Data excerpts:
lemma emeasure_next_state: "emeasure unif01 {u. next_state G x u = z} = ennreal (jumpP G x z)"
proof -
  obtain m where z: "z = enum_state m" using bij_enum_state by (metis bij_pointE)
  define lo where "lo = (if m = 0 then 0 else jump_cdf x (m - 1))"
  define hi where "hi = jump_cdf x m"
  have lohi: "0 \<le> lo" "lo \<le> hi"
    using jump_cdf_nonneg jump_cdf_mono by (auto simp: lo_def hi_def)
  have iff: "next_state G x u = z \<longleftrightarrow> lo \<le> u \<and> u < hi" if "0 < u" "u < 1" for u
  proof -
    have "next_state G x u = z \<longleftrightarrow> (LEAST k. u < jump_cdf x k) = m"
      unfolding next_state_eq_Least z using bij_enum_state by (simp add: bij_def inj_eq)
    also have "\<dots> \<longleftrightarrow> lo \<le> u \<and> u < hi"
      using Least_jump_cdf_eq_iff[OF that(2), of x m] that(1) by (auto simp: lo_def hi_def)
    finally show ?thesis .
  qed
  have eq: "{0<..<1} \<inter> {u. next_state G x u = z} = {0<..<1} \<inter> {lo..<hi}"
  proof (intro set_eqI)
    fix u show "u \<in> {0<..<1} \<inter> {u. next_state G x u = z} \<longleftrightarrow> u \<in> {0<..<1} \<inter> {lo..<hi}"
      using iff[of u] by auto
  qed
  moreover have "emeasure lborel ({0<..<1} \<inter> {lo..<hi}) = ennreal (hi - lo)"
    using lohi jump_cdf_le_1 by (intro emeasure_lborel_Ioo_Int_Ico) (auto simp: hi_def)
  moreover have "jumpP G x z = hi - lo" unfolding z jumpP_enum_state hi_def lo_def by simp
  ultimately show ?thesis using emeasure_unif01[of "{u. next_state G x u = z}"] eq by simp
qed

lemma nn_integral_next_state:
  assumes [measurable]: "g \<in> borel_measurable (count_space UNIV)"
  shows "(\<integral>\<^sup>+u. g (next_state G x u) \<partial>unif01) = jump_expect x g"
proof -
  have "(\<integral>\<^sup>+u. g (next_state G x u) \<partial>unif01)
      = (\<integral>\<^sup>+u. (\<integral>\<^sup>+y. g y * indicator {u. next_state G x u = y} u \<partial>count_space UNIV) \<partial>unif01)"
  proof (intro nn_integral_cong)
    fix u
    have "(\<integral>\<^sup>+y. g y * indicator {u. next_state G x u = y} u \<partial>count_space UNIV)
        = (\<integral>\<^sup>+y. g y * indicator {next_state G x u} y \<partial>count_space UNIV)"
      by (intro nn_integral_cong) (auto split: split_indicator)
    then show "g (next_state G x u)
        = (\<integral>\<^sup>+y. g y * indicator {u. next_state G x u = y} u \<partial>count_space UNIV)"
      by simp
  qed
  also have "\<dots> = (\<integral>\<^sup>+y. (\<integral>\<^sup>+u. g y * indicator {u. next_state G x u = y} u \<partial>unif01) \<partial>count_space UNIV)"
    by (rule nn_integral_count_space_nn_integral) auto
  also have "\<dots> = (\<integral>\<^sup>+y. g y * emeasure unif01 {u. next_state G x u = y} \<partial>count_space UNIV)"
    by (intro nn_integral_cong nn_integral_cmult_indicator) measurable
  finally show ?thesis by (simp add: emeasure_next_state mult.commute)
qed

definition step :: "'a \<Rightarrow> (real \<times> real) stream \<Rightarrow> 'a" where
  "step x \<omega> = next_state G x (fst (shd \<omega>))"

lemma measurable_step [measurable]: "step x \<in> Omega \<rightarrow>\<^sub>M count_space UNIV"
  unfolding Omega_def step_def[abs_def] by measurable

lemma measurable_shift:
  assumes "\<And>y. F y \<in> Omega \<rightarrow>\<^sub>M N"
  shows "(\<lambda>\<omega>. F (step x \<omega>) (stl \<omega>)) \<in> Omega \<rightarrow>\<^sub>M N"
proof (rule measurable_compose_countable[where f="\<lambda>y \<omega>. F y (stl \<omega>)"])
  fix y show "(\<lambda>\<omega>. F y (stl \<omega>)) \<in> Omega \<rightarrow>\<^sub>M N"
    using measurable_compose[OF measurable_stl_Omega assms[of y]] by simp
qed (rule measurable_step)

lemma jump_chain_Suc_step: "jump_chain G x \<omega> (Suc n) = jump_chain G (step x \<omega>) (stl \<omega>) n"
  by (induction n) (simp_all add: step_def)

lemma holding_time_Suc_step: "holding_time G x \<omega> (Suc n) = holding_time G (step x \<omega>) (stl \<omega>) n"
  unfolding holding_time_def jump_chain_Suc_step by simp

lemma holding_time_0: "holding_time G x \<omega> 0 = - ln (snd (shd \<omega>)) / gam G x"
  unfolding holding_time_def by simp

lemma measurable_holding_time_0 [measurable]:
  "(\<lambda>\<omega>. holding_time G y \<omega> 0) \<in> borel_measurable Omega"
  unfolding holding_time_0 Omega_def by measurable

lemma measurable_jump_chain [measurable]:
  "(\<lambda>\<omega>. jump_chain G y \<omega> n) \<in> Omega \<rightarrow>\<^sub>M count_space UNIV"
proof (induction n arbitrary: y)
  case (Suc n)
  then show ?case unfolding jump_chain_Suc_step by (rule measurable_shift)
qed simp

lemma nn_integral_shift:
  assumes F: "\<And>y. F y \<in> borel_measurable Omega"
  shows "(\<integral>\<^sup>+\<omega>. F (step x \<omega>) (stl \<omega>) \<partial>Omega) = jump_expect x (\<lambda>y. \<integral>\<^sup>+\<omega>. F y \<omega> \<partial>Omega)"
proof -
  interpret M: prob_space "unif01 \<Otimes>\<^sub>M unif01" by (rule prob_space_unif01_pair)
  interpret U: prob_space unif01 by (rule prob_space_unif01)
  interpret PS: pair_prob_space unif01 unif01 ..
  define g where "g y = (\<integral>\<^sup>+\<omega>. F y \<omega> \<partial>Omega)" for y
  have [measurable]: "(\<lambda>p. g (next_state G x (fst p))) \<in> borel_measurable (unif01 \<Otimes>\<^sub>M unif01)"
    by (rule measurable_compose[OF measurable_fst measurable_compose[OF measurable_next_state_unif01]])
       simp
  have "(\<integral>\<^sup>+\<omega>. F (step x \<omega>) (stl \<omega>) \<partial>Omega)
      = (\<integral>\<^sup>+p. (\<integral>\<^sup>+\<omega>. F (step x (p ## \<omega>)) (stl (p ## \<omega>)) \<partial>Omega) \<partial>(unif01 \<Otimes>\<^sub>M unif01))"
    using M.nn_integral_stream_space[OF measurable_shift[OF F, where x=x, unfolded Omega_def]]
    unfolding Omega_def .
  also have "\<dots> = (\<integral>\<^sup>+p. g (next_state G x (fst p)) \<partial>(unif01 \<Otimes>\<^sub>M unif01))"
    by (simp add: step_def g_def)
  also have "\<dots> = (\<integral>\<^sup>+u. (\<integral>\<^sup>+v. g (next_state G x u) \<partial>unif01) \<partial>unif01)"
    by (subst U.nn_integral_fst[symmetric]) simp_all
  also have "\<dots> = jump_expect x g"
    using U.emeasure_space_1 by (simp add: nn_integral_next_state)
  finally show ?thesis by (simp add: g_def)
qed

lemma nn_integral_holding_time_0:
  "(\<integral>\<^sup>+\<omega>. ennreal (holding_time G x \<omega> 0) \<partial>Omega) = ennreal (1 / gam G x)"
proof -
  interpret M: prob_space "unif01 \<Otimes>\<^sub>M unif01" by (rule prob_space_unif01_pair)
  interpret U: prob_space unif01 by (rule prob_space_unif01)
  interpret PS: pair_prob_space unif01 unif01 ..
  have "(\<integral>\<^sup>+\<omega>. ennreal (holding_time G x \<omega> 0) \<partial>Omega)
     = (\<integral>\<^sup>+p. (\<integral>\<^sup>+\<omega>. ennreal (- ln (snd (shd (p ## \<omega>))) / gam G x) \<partial>Omega) \<partial>(unif01 \<Otimes>\<^sub>M unif01))"
    unfolding holding_time_0 Omega_def by (rule M.nn_integral_stream_space) measurable
  also have "\<dots> = (\<integral>\<^sup>+v. (\<integral>\<^sup>+u. ennreal (- ln v / gam G x) \<partial>unif01) \<partial>unif01)"
    by (subst PS.nn_integral_snd[symmetric]) simp_all
  also have "\<dots> = (\<integral>\<^sup>+v. ennreal (- ln v / gam G x) * indicator {0<..<1} v \<partial>lborel)"
    using U.emeasure_space_1 unfolding unif01_def
    by (subst nn_integral_uniform_measure) (auto simp: divide_ennreal_def)
  also have "\<dots> = (\<integral>\<^sup>+v. ennreal (1 / gam G x) * (ennreal (- ln v) * indicator {0<..<1} v) \<partial>lborel)"
    using gam_pos[of x]
    by (intro nn_integral_cong) (auto simp: ennreal_mult'[symmetric] split: split_indicator)
  also have "\<dots> = ennreal (1 / gam G x)"
    by (simp add: nn_integral_cmult nn_integral_minus_ln_unit_interval)
  finally show ?thesis .
qed

section \<open>The chain stopped at a set\<close>

primrec stopped_state :: "'a set \<Rightarrow> nat \<Rightarrow> 'a \<Rightarrow> (real \<times> real) stream \<Rightarrow> 'a" where
  "stopped_state S 0 y \<omega> = y"
| "stopped_state S (Suc n) y \<omega> =
     (if y \<in> S then y else stopped_state S n (step y \<omega>) (stl \<omega>))"

primrec stopped_time :: "'a set \<Rightarrow> nat \<Rightarrow> 'a \<Rightarrow> (real \<times> real) stream \<Rightarrow> ennreal" where
  "stopped_time S 0 y \<omega> = 0"
| "stopped_time S (Suc n) y \<omega> =
     (if y \<in> S then 0 else ennreal (holding_time G y \<omega> 0) + stopped_time S n (step y \<omega>) (stl \<omega>))"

§ ACTION ITEM
What are the lines, exactly as written above, from the line with "by (rule nn_integral_count_space_nn_integral)" to the line with "by (intro nn_integral_cong nn_integral_cmult_indicator)", both included? Output only those.

§ RESPONSE FOR THIS EXERCISE
    by (rule nn_integral_count_space_nn_integral) auto
  also have "\<dots> = (\<integral>\<^sup>+y. g y * emeasure unif01 {u. next_state G x u = y} \<partial>count_space UNIV)"
    by (intro nn_integral_cong nn_integral_cmult_indicator) measurable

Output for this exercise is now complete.